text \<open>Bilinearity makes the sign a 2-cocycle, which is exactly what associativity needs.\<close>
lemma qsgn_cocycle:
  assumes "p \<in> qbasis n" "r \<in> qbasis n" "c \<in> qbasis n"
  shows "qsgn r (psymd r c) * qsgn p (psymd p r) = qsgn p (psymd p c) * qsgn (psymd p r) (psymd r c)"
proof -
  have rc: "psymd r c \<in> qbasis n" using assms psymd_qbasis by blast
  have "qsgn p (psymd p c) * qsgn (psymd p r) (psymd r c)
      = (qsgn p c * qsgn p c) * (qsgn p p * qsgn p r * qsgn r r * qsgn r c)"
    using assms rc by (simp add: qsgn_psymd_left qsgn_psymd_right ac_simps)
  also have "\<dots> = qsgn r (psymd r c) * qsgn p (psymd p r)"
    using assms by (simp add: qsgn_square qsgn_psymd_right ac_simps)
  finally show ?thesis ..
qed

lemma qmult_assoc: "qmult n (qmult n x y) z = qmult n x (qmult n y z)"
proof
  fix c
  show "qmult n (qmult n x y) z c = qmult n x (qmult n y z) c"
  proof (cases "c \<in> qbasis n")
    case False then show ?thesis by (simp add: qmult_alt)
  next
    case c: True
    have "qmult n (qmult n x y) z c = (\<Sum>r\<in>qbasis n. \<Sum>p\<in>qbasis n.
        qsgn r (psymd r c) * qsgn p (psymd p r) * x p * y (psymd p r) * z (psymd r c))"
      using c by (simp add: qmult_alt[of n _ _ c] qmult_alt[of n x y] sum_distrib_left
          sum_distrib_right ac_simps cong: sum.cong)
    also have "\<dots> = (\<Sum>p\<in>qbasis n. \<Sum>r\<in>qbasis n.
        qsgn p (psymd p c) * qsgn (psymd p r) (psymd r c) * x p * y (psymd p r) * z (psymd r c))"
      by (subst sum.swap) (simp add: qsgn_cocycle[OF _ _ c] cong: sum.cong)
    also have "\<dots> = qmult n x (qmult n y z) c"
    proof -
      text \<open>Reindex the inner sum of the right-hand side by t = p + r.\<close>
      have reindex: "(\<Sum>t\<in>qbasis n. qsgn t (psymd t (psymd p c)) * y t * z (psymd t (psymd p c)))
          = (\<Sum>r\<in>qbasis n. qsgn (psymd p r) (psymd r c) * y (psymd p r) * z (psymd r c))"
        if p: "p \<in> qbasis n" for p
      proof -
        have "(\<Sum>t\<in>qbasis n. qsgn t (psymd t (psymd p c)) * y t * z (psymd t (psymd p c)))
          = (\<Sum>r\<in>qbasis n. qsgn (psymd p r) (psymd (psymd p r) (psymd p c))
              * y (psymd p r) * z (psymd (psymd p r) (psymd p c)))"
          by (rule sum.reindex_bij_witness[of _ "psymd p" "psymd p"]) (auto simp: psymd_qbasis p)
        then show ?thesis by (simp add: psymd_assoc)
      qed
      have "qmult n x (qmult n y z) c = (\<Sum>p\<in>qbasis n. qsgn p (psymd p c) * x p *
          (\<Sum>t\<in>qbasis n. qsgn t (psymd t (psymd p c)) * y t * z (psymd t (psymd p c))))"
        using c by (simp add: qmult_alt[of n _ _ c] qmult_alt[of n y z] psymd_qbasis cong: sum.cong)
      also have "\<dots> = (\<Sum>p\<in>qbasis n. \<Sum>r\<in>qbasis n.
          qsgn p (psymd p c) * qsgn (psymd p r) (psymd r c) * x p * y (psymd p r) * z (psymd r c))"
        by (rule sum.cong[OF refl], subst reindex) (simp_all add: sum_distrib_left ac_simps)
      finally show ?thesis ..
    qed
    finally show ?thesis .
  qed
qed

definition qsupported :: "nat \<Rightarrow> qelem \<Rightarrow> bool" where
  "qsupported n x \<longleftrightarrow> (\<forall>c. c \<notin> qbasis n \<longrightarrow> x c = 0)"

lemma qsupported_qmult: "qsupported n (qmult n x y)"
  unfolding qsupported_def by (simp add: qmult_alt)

## WORK TO COMPLETE
Could you transcribe all of the data exactly as it is given?

## RESPONSE FOR THIS EXERCISE
text \<open>Bilinearity makes the sign a 2-cocycle, which is exactly what associativity needs.\<close>
lemma qsgn_cocycle:
  assumes "p \<in> qbasis n" "r \<in> qbasis n" "c \<in> qbasis n"
  shows "qsgn r (psymd r c) * qsgn p (psymd p r) = qsgn p (psymd p c) * qsgn (psymd p r) (psymd r c)"
proof -
  have rc: "psymd r c \<in> qbasis n" using assms psymd_qbasis by blast
  have "qsgn p (psymd p c) * qsgn (psymd p r) (psymd r c)
      = (qsgn p c * qsgn p c) * (qsgn p p * qsgn p r * qsgn r r * qsgn r c)"
    using assms rc by (simp add: qsgn_psymd_left qsgn_psymd_right ac_simps)
  also have "\<dots> = qsgn r (psymd r c) * qsgn p (psymd p r)"
    using assms by (simp add: qsgn_square qsgn_psymd_right ac_simps)
  finally show ?thesis ..
qed

lemma qmult_assoc: "qmult n (qmult n x y) z = qmult n x (qmult n y z)"
proof
  fix c
  show "qmult n (qmult n x y) z c = qmult n x (qmult n y z) c"
  proof (cases "c \<in> qbasis n")
    case False then show ?thesis by (simp add: qmult_alt)
  next
    case c: True
    have "qmult n (qmult n x y) z c = (\<Sum>r\<in>qbasis n. \<Sum>p\<in>qbasis n.
        qsgn r (psymd r c) * qsgn p (psymd p r) * x p * y (psymd p r) * z (psymd r c))"
      using c by (simp add: qmult_alt[of n _ _ c] qmult_alt[of n x y] sum_distrib_left
          sum_distrib_right ac_simps cong: sum.cong)
    also have "\<dots> = (\<Sum>p\<in>qbasis n. \<Sum>r\<in>qbasis n.
        qsgn p (psymd p c) * qsgn (psymd p r) (psymd r c) * x p * y (psymd p r) * z (psymd r c))"
      by (subst sum.swap) (simp add: qsgn_cocycle[OF _ _ c] cong: sum.cong)
    also have "\<dots> = qmult n x (qmult n y z) c"
    proof -
      text \<open>Reindex the inner sum of the right-hand side by t = p + r.\<close>
      have reindex: "(\<Sum>t\<in>qbasis n. qsgn t (psymd t (psymd p c)) * y t * z (psymd t (psymd p c)))
          = (\<Sum>r\<in>qbasis n. qsgn (psymd p r) (psymd r c) * y (psymd p r) * z (psymd r c))"
        if p: "p \<in> qbasis n" for p
      proof -
        have "(\<Sum>t\<in>qbasis n. qsgn t (psymd t (psymd p c)) * y t * z (psymd t (psymd p c)))
          = (\<Sum>r\<in>qbasis n. qsgn (psymd p r) (psymd (psymd p r) (psymd p c))
              * y (psymd p r) * z (psymd (psymd p r) (psymd p c)))"
          by (rule sum.reindex_bij_witness[of _ "psymd p" "psymd p"]) (auto simp: psymd_qbasis p)
        then show ?thesis by (simp add: psymd_assoc)
      qed
      have "qmult n x (qmult n y z) c = (\<Sum>p\<in>qbasis n. qsgn p (psymd p c) * x p *
          (\<Sum>t\<in>qbasis n. qsgn t (psymd t (psymd p c)) * y t * z (psymd t (psymd p c))))"
        using c by (simp add: qmult_alt[of n _ _ c] qmult_alt[of n y z] psymd_qbasis cong: sum.cong)
      also have "\<dots> = (\<Sum>p\<in>qbasis n. \<Sum>r\<in>qbasis n.
          qsgn p (psymd p c) * qsgn (psymd p r) (psymd r c) * x p * y (psymd p r) * z (psymd r c))"
        by (rule sum.cong[OF refl], subst reindex) (simp_all add: sum_distrib_left ac_simps)
      finally show ?thesis ..
    qed
    finally show ?thesis .
  qed
qed

definition qsupported :: "nat \<Rightarrow> qelem \<Rightarrow> bool" where
  "qsupported n x \<longleftrightarrow> (\<forall>c. c \<notin> qbasis n \<longrightarrow> x c = 0)"

lemma qsupported_qmult: "qsupported n (qmult n x y)"
  unfolding qsupported_def by (simp add: qmult_alt)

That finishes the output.